_TASK DETAILS_
Lines containing "metis": state how many there are in these entries, and write only that number.

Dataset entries
[Start of section]
definition unitary_mat :: "complex mat \<Rightarrow> bool" where
  "unitary_mat U \<longleftrightarrow> (\<exists>n. U \<in> carrier_mat n n \<and>
      adjoint_mat U * U = 1\<^sub>m n \<and> U * adjoint_mat U = 1\<^sub>m n)"

definition kron :: "'a::times mat \<Rightarrow> 'a mat \<Rightarrow> 'a mat" where
  "kron A B = mat (dim_row A * dim_row B) (dim_col A * dim_col B)
     (\<lambda>(i, j). A $$ (i div dim_row B, j div dim_col B) * B $$ (i mod dim_row B, j mod dim_col B))"

definition Lambda :: "nat \<Rightarrow> complex mat" where
  "Lambda k = mat 2 2 (\<lambda>(i, j). if i = 0 \<and> j = 1 then 1
                               else if i = 1 \<and> j = 0 then zeta (2 ^ (k - 1)) else 0)"

end

theory Submission
  imports Defs "Jordan_Normal_Form.Determinant"
begin

text \<open>
  Write \<open>z = \<zeta>(2^k)\<close> for the primitive \<open>2^k\<close>-th root of unity and \<open>w = z\<^sup>2 = \<zeta>(2^(k-1))\<close>.
  The entries of \<open>A\<close> and \<open>B\<close> lie in the field \<open>K = \<rat>(w)\<close>, which is closed under complex
  conjugation and does not contain \<open>z\<close>; hence \<open>1, z\<close> are linearly independent over \<open>K\<close>.
  Since \<open>cnj z = z cnj w\<close>, we have
  \<open>(A + zB)\<^sup>* (A + zB) = (A\<^sup>*A + B\<^sup>*B) + z (A\<^sup>*B + cnj w B\<^sup>*A)\<close>, and comparing
  \<open>K\<close>-coordinates with the identity gives \<open>A\<^sup>*A + B\<^sup>*B = I\<close> and \<open>A\<^sup>*B + cnj w B\<^sup>*A = 0\<close>.
  These are exactly the block identities for \<open>M = A \<otimes> I + B \<otimes> \<Lambda>\<close> to satisfy \<open>M\<^sup>* M = I\<close>,
  because \<open>\<Lambda>\<^sup>*\<Lambda> = I\<close> and \<open>\<Lambda> = w \<Lambda>\<^sup>*\<close>.

  That \<open>\<zeta>(2^(m+1)) \<notin> \<rat>(\<zeta>(2^m))\<close> is proved along the tower
  \<open>\<rat> \<subset> \<rat>(i) \<subset> \<rat>(\<zeta>(8)) \<subset> \<dots>\<close> of quadratic extensions: a square root of
  \<open>\<zeta>(2^(m+1))\<close> inside \<open>\<rat>(\<zeta>(2^(m+1)))\<close> would yield a rational square root of \<open>1/2\<close>
  (for \<open>m = 1\<close>) or put \<open>\<zeta>(2^(m+1))\<close> back into \<open>\<rat>(\<zeta>(2^m))\<close> (for \<open>m \<ge> 2\<close>).
\<close>

lemma rat_square_neq_2: "(q::rat)\<^sup>2 \<noteq> 2"
proof
  assume q2: "q\<^sup>2 = 2"
  obtain a b where ab: "quotient_of q = (a, b)" by (cases "quotient_of q")
  have "of_int (a\<^sup>2) = (of_int (2 * b\<^sup>2) :: rat)"
    using q2 quotient_of_denom_pos[OF ab] quotient_of_div[OF ab]
    by (simp add: field_simps power2_eq_square)
  then have eq: "a\<^sup>2 = 2 * b\<^sup>2" by (rule of_int_eq_iff[THEN iffD1])
  then obtain c where c: "a = 2 * c" by (metis dvd_triv_left even_power evenE)
  with eq have "b\<^sup>2 = 2 * c\<^sup>2" by (simp add: power2_eq_square)
  then have "even b" by (metis dvd_triv_left even_power)
  with c have "2 dvd gcd a b" by simp
  with quotient_of_coprime[OF ab] show False by simp
qed

lemma Rats_double_square_sq_neq_1: "b \<in> \<rat> \<Longrightarrow> (2 * b * b)\<^sup>2 \<noteq> (1::complex)"
proof
  assume b: "b \<in> \<rat>" and eq: "(2 * b * b)\<^sup>2 = 1"
  from b obtain q where q: "b = of_rat q" by (rule Rats_cases)
  have "of_rat ((2 * q * q)\<^sup>2) = (1::complex)" using eq by (simp add: q of_rat_mult of_rat_power)
  then have "(2 * q * q)\<^sup>2 = 1" by simp
  moreover have "2 * q * q \<ge> 0" by simp
  ultimately have "2 * q * q = 1" using power2_eq_1_iff[of "2 * q * q"] by linarith
  then have "(2 * q)\<^sup>2 = 2" by (simp add: power2_eq_square algebra_simps)
  then show False using rat_square_neq_2 by blast
qed

section \<open>Roots of unity of order \<open>2^m\<close>\<close>

lemma zeta_pow2_Suc_square: "zeta (2 ^ Suc m) * zeta (2 ^ Suc m) = zeta (2 ^ m)"
proof -
  have "zeta (2 ^ Suc m) * zeta (2 ^ Suc m) = exp (2 * (2 * of_real pi * \<i> / of_nat (2 ^ Suc m)))"
    unfolding zeta_def by (simp only: exp_add[symmetric] mult_2)
  also have "2 * (2 * of_real pi * \<i> / of_nat (2 ^ Suc m)) = 2 * of_real pi * \<i> / (of_nat (2 ^ m) :: complex)"
    by simp
  finally show ?thesis unfolding zeta_def .
qed

lemma zeta_1 [simp]: "zeta 1 = 1"
  by (simp add: zeta_def)

lemma zeta_2 [simp]: "zeta 2 = -1"
  by (simp add: zeta_def)

lemma zeta_4 [simp]: "zeta 4 = \<i>"
proof -
  have "zeta 4 = exp (\<i> * of_real (pi / 2))" unfolding zeta_def by (simp add: of_real_divide)
  also have "\<dots> = \<i>" using cis_conv_exp[of "pi / 2"] by simp
  finally show ?thesis .
qed

lemma cnj_zeta_mult_zeta [simp]: "cnj (zeta n) * zeta n = 1"
proof -
  have "norm (zeta n) = 1" unfolding zeta_def by (simp add: norm_exp_eq_Re)
  then show ?thesis by (metis complex_norm_square mult.commute of_real_1 power_one)
qed

lemma cnj_zeta: "cnj (zeta n) = inverse (zeta n)"
  using cnj_zeta_mult_zeta[of n] by (metis inverse_unique mult.commute)

section \<open>Subfields and quadratic extensions\<close>

text \<open>Since \<open>inverse 0 = 0\<close>, closure under \<open>inverse\<close> needs no side condition.\<close>

definition subfield_set :: "'a::field set \<Rightarrow> bool" where
  "subfield_set K \<longleftrightarrow> 1 \<in> K \<and> (\<forall>x\<in>K. \<forall>y\<in>K. x + y \<in> K \<and> x * y \<in> K)
     \<and> (\<forall>x\<in>K. - x \<in> K \<and> inverse x \<in> K)"

context
  fixes K :: "'a::field set"
  assumes K: "subfield_set K"
begin

lemma subfield_set_one: "1 \<in> K"
  and subfield_set_add: "x \<in> K \<Longrightarrow> y \<in> K \<Longrightarrow> x + y \<in> K"
  and subfield_set_mult: "x \<in> K \<Longrightarrow> y \<in> K \<Longrightarrow> x * y \<in> K"
  and subfield_set_uminus: "x \<in> K \<Longrightarrow> - x \<in> K"
  and subfield_set_inverse: "x \<in> K \<Longrightarrow> inverse x \<in> K"
  using K by (auto simp: subfield_set_def)

lemma subfield_set_zero: "0 \<in> K"
  using subfield_set_add[OF subfield_set_one subfield_set_uminus[OF subfield_set_one]] by simp

lemma subfield_set_diff: "x \<in> K \<Longrightarrow> y \<in> K \<Longrightarrow> x - y \<in> K"
  using subfield_set_add[of x "- y"] subfield_set_uminus[of y] by simp

lemma subfield_set_sum: "(\<And>i. i \<in> I \<Longrightarrow> f i \<in> K) \<Longrightarrow> sum f I \<in> K"
  by (induction I rule: infinite_finite_induct) (auto intro: subfield_set_zero subfield_set_add)

end

lemma subfield_set_Rats: "subfield_set (\<rat> :: 'a::field_char_0 set)"
  by (auto simp: subfield_set_def)

definition quad_ext :: "'a::field set \<Rightarrow> 'a \<Rightarrow> 'a set" where
  "quad_ext K s = {a + b * s | a b. a \<in> K \<and> b \<in> K}"

lemma quad_extI: "a \<in> K \<Longrightarrow> b \<in> K \<Longrightarrow> x = a + b * s \<Longrightarrow> x \<in> quad_ext K s"
  by (auto simp: quad_ext_def)

lemma quad_extE:
  assumes "x \<in> quad_ext K s"
  obtains a b where "a \<in> K" "b \<in> K" "x = a + b * s"
  using assms by (auto simp: quad_ext_def)

lemma subset_quad_ext: "0 \<in> K \<Longrightarrow> K \<subseteq> quad_ext K s"
  by (auto intro: quad_extI[where b = 0])

lemma generator_in_quad_ext: "0 \<in> K \<Longrightarrow> 1 \<in> K \<Longrightarrow> s \<in> quad_ext K s"
  by (auto intro: quad_extI[where a = 0 and b = 1])

context
  fixes K :: "'a::field set" and s :: 'a
  assumes K: "subfield_set K" and s_notin: "s \<notin> K"
begin

lemma quad_ext_coeffs_eq_0:
  assumes "a \<in> K" "b \<in> K" "a + b * s = 0"
  shows "a = 0 \<and> b = 0"
proof (cases "b = 0")
  case False
  then have "s = - a * inverse b" using assms(3) by (simp add: field_simps add_eq_0_iff)
  moreover have "- a * inverse b \<in> K"
    using assms K by (intro subfield_set_mult subfield_set_uminus subfield_set_inverse)
  ultimately show ?thesis using s_notin by simp
qed (use assms in simp)

lemma subfield_set_quad_ext:
  assumes s2: "s * s \<in> K"
  shows "subfield_set (quad_ext K s)"
  unfolding subfield_set_def
proof (intro conjI ballI)
  note closure = subfield_set_add[OF K] subfield_set_mult[OF K] subfield_set_diff[OF K]
    subfield_set_uminus[OF K] subfield_set_inverse[OF K] s2
  show "1 \<in> quad_ext K s"
    using subset_quad_ext subfield_set_zero[OF K] subfield_set_one[OF K] by blast
  fix x y assume x: "x \<in> quad_ext K s" and y: "y \<in> quad_ext K s"
  from x obtain a b where ab: "a \<in> K" "b \<in> K" and x_eq: "x = a + b * s" by (rule quad_extE)
  from y obtain c e where ce: "c \<in> K" "e \<in> K" and y_eq: "y = c + e * s" by (rule quad_extE)
  show "x + y \<in> quad_ext K s"
    using ab ce closure by (intro quad_extI[of "a + c" _ "b + e"]) (simp_all add: x_eq y_eq algebra_simps)
  show "x * y \<in> quad_ext K s"
    using ab ce closure by (intro quad_extI[of "a * c + b * e * (s * s)" _ "a * e + b * c"])
      (simp_all add: x_eq y_eq algebra_simps)
  show "- x \<in> quad_ext K s"
    using ab closure by (intro quad_extI[of "- a" _ "- b"]) (simp_all add: x_eq)
  show "inverse x \<in> quad_ext K s"
  proof (cases "x = 0")
    case True
    then show ?thesis using subset_quad_ext subfield_set_zero[OF K] by auto
  next
    case False
    \<comment> \<open>multiply numerator and denominator by the conjugate \<open>a - b s\<close>\<close>
    have "a - b * s \<noteq> 0"
    proof
      assume "a - b * s = 0"
      then have "a = 0 \<and> - b = 0" using quad_ext_coeffs_eq_0[of a "- b"] ab closure by simp
      then show False using False x_eq by simp
    qed
    define n where "n = a * a - b * b * (s * s)"
    have n_eq: "n = x * (a - b * s)" by (simp add: n_def x_eq algebra_simps)
    have n: "n \<in> K" "n \<noteq> 0"
      using ab closure False \<open>a - b * s \<noteq> 0\<close> by (simp add: n_def, simp add: n_eq)
    have "inverse x = (a - b * s) * inverse n"
      using \<open>a - b * s \<noteq> 0\<close> False by (simp add: n_eq)
    then have "inverse x = a * inverse n + (- b * inverse n) * s"
      by (simp add: algebra_simps)
    moreover have "a * inverse n \<in> K" "- b * inverse n \<in> K"
      using ab n closure by simp_all
    ultimately show ?thesis by (rule quad_extI[rotated 2])
  qed
qed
[End of section]
_SOLUTION TO THIS PROBLEM_
4